On that bright spring afternoon, the five members of the Securities and Exchange Commission met in a basement hearing room to consider an urgent plea by the big investment banks.
They wanted an exemption for their brokerage units from an old regulation that limited the amount of debt they could take on. The exemption would unshackle billions of dollars held in reserve as a cushion against losses on their investments. Those funds could then flow up to the parent company, enabling it to invest in the fast-growing but opaque world of mortgage-backed securities; credit derivatives, a form of insurance for bond holders; and other exotic instruments.
The five investment banks led the charge, including Goldman Sachs, which was headed by Henry M. Paulson Jr. Two years later, he left to become Treasury secretary. [The fox guarding the hen house possibly?]
Still, nothing illegal happened. There’s no one to prosecute since they got permission. How scary is that???
On the topic of a dissenting view of the bailout, check out this awesome clip from Representative Kaptur from Ohio (Thanks The Soccer Mom Vote!) While I have argued that it was probably necessary to bail out the ultra-wealthy, I liked that Kaptur called out the Paulsen crew for the fear-mongering and obfuscation. Considering Paulsen was somewhat instrumental in CAUSING the meltdown. (see above!)
Go for the Cash! (Or Stay in for the Long Haul?)
Now that we’re all stock market investors with our 401Ks, mutual funds, and savings, we have to decide whether it’s a better idea to stay in the market for the next ten years and ride it out or get out now while there’s anything to get. (You know it’s bad when the word PLUNGE feels overused.) I read a blog post from a guy in Iceland who says people there are stockpiling food stuffs. Not so good! And really, I don’t know what the heck I’m talking about since I’m not one of the ruling elite, super ultra wealthy, 1% people. But here’s what I read today in the NY Times: A terribly weak argument about how you shouldn’t get out because if you do, you won’t know when to get back in and you’ll probably lose money as a result. The argument is backed by cumulative data from the last 30 years. (Ironic. Maybe they should’ve gone back farther.)

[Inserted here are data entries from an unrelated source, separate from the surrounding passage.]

text \<open>
  Given its rank \<open>r\<close>, each observation has law \<open>F_[r]\<close> independently of all ranks, while
  \<open>W_r\<close> and \<open>N_r\<close> are functions of the ranks alone. Conditioning on the ranks therefore gives
  \<open>E F_{n;jps}(t) = \<Sum>_r E(W_r) \<integral> K_n(t - x) dF_[r](x)\<close>. Every stratum is occupied with
  probability at least \<open>1 - H (1 - 1/H)^n\<close>, and then \<open>W_r = 1/H\<close>; hence \<open>E(W_r) \<rightarrow> 1/H\<close>.
  If \<open>K_n \<rightarrow> e\<close> weakly, then \<open>K_n(t - x) \<rightarrow> 1(x < t)\<close> for \<open>x \<noteq> t\<close>, and \<open>x = t\<close> is an atom
  of no \<open>F_[r]\<close> when \<open>t\<close> is a continuity point of \<open>F\<close>, so dominated convergence yields
  \<open>E F_{n;jps}(t) \<rightarrow> F(t)\<close>. Conversely, for the population degenerate at \<open>0\<close> the identity
  reads \<open>E F_{n;jps}(t) = K_n(t) \<Sum>_r E(W_r)\<close>, and \<open>\<Sum>_r E(W_r) \<rightarrow> 1\<close> forces \<open>K_n(t) \<rightarrow> e(t)\<close>.
\<close>

section \<open>The law of a single pair\<close>

lemma jps_law_kernel_measurable:
  assumes M: "\<forall>r\<in>{1..H}. real_distribution (M r)"
  shows "(\<lambda>r. distr (M r) (borel \<Otimes>\<^sub>M count_space UNIV) (\<lambda>x. (x, r)))
           \<in> uniform_count_measure {1..H} \<rightarrow>\<^sub>M prob_algebra (borel \<Otimes>\<^sub>M count_space UNIV)"
proof -
  have "(\<lambda>r. distr (M r) (borel \<Otimes>\<^sub>M count_space UNIV) (\<lambda>x. (x, r)))
          \<in> count_space {1..H} \<rightarrow>\<^sub>M prob_algebra (borel \<Otimes>\<^sub>M count_space UNIV)"
  proof (subst measurable_count_space_eq1, rule Pi_I)
    fix r assume "r \<in> {1..H}"
    then interpret real_distribution "M r" using M by auto
    have "(\<lambda>x. (x, r)) \<in> M r \<rightarrow>\<^sub>M borel \<Otimes>\<^sub>M count_space UNIV"
      by measurable
    then show "distr (M r) (borel \<Otimes>\<^sub>M count_space UNIV) (\<lambda>x. (x, r))
                 \<in> space (prob_algebra (borel \<Otimes>\<^sub>M count_space UNIV))"
      by (auto simp: space_prob_algebra intro!: prob_space_distr)
  qed
  then show ?thesis
    by (subst measurable_cong_sets[OF sets_uniform_count_measure_count_space refl])
qed

lemma
  assumes H: "H \<ge> 1" and M: "\<forall>r\<in>{1..H}. real_distribution (M r)"
  shows prob_space_jps_law: "prob_space (jps_law H M)"
    and sets_jps_law: "sets (jps_law H M) = sets (borel \<Otimes>\<^sub>M count_space UNIV)"
proof -
  have U: "uniform_count_measure {1..H} \<in> space (prob_algebra (uniform_count_measure {1..H}))"
    using H by (auto simp: space_prob_algebra intro!: prob_space_uniform_count_measure)
  show "prob_space (jps_law H M)"
    unfolding jps_law_def by (rule prob_space_bind'[OF U jps_law_kernel_measurable[OF M]])
  show "sets (jps_law H M) = sets (borel \<Otimes>\<^sub>M count_space UNIV)"
    unfolding jps_law_def by (rule sets_bind'[OF U jps_law_kernel_measurable[OF M]])
qed

lemma space_jps_law:
  assumes "H \<ge> 1" and "\<forall>r\<in>{1..H}. real_distribution (M r)"
  shows "space (jps_law H M) = UNIV"
  using sets_eq_imp_space_eq[OF sets_jps_law[OF assms]] by (simp add: space_pair_measure)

There are two gigantic things the article does not address:
- What if you don’t have thirty years to wait for your money to be worth anything? What if you only have five years? There is some break even point that we surely do not have magic-allseeing-crystal-ball access to, but I couldn’t wait. This is our family savings. If my husband lost his job in six months, we’d be up a creek. This is why we got out.
- Secondly, what no stock broker, money manager, or investment banker will tell you, is that if you “panic” and get out of the market, you will be contributing to bringing down the house of cards that the government is so desperately trying to prop up. Our system is based on using your capital as leverage. If you take away your capital, the system collapses. Just ask Iceland.
So it might be unAmerican or unCapitalist, or… dare I say it… bordering on SOCIALIST if you take your money out. It could be actually, for real, and without doubt inviting economic calamity. All I know is the money belongs to my family. I don’t want anyone else gambling with it anymore.
When beggars and shoeshine boys, barbers and beauticians can tell you how to get rich it is time to remind yourself that there is no more dangerous illusion than the belief that one can get something for nothing. ~Bernard Baruch, 1929.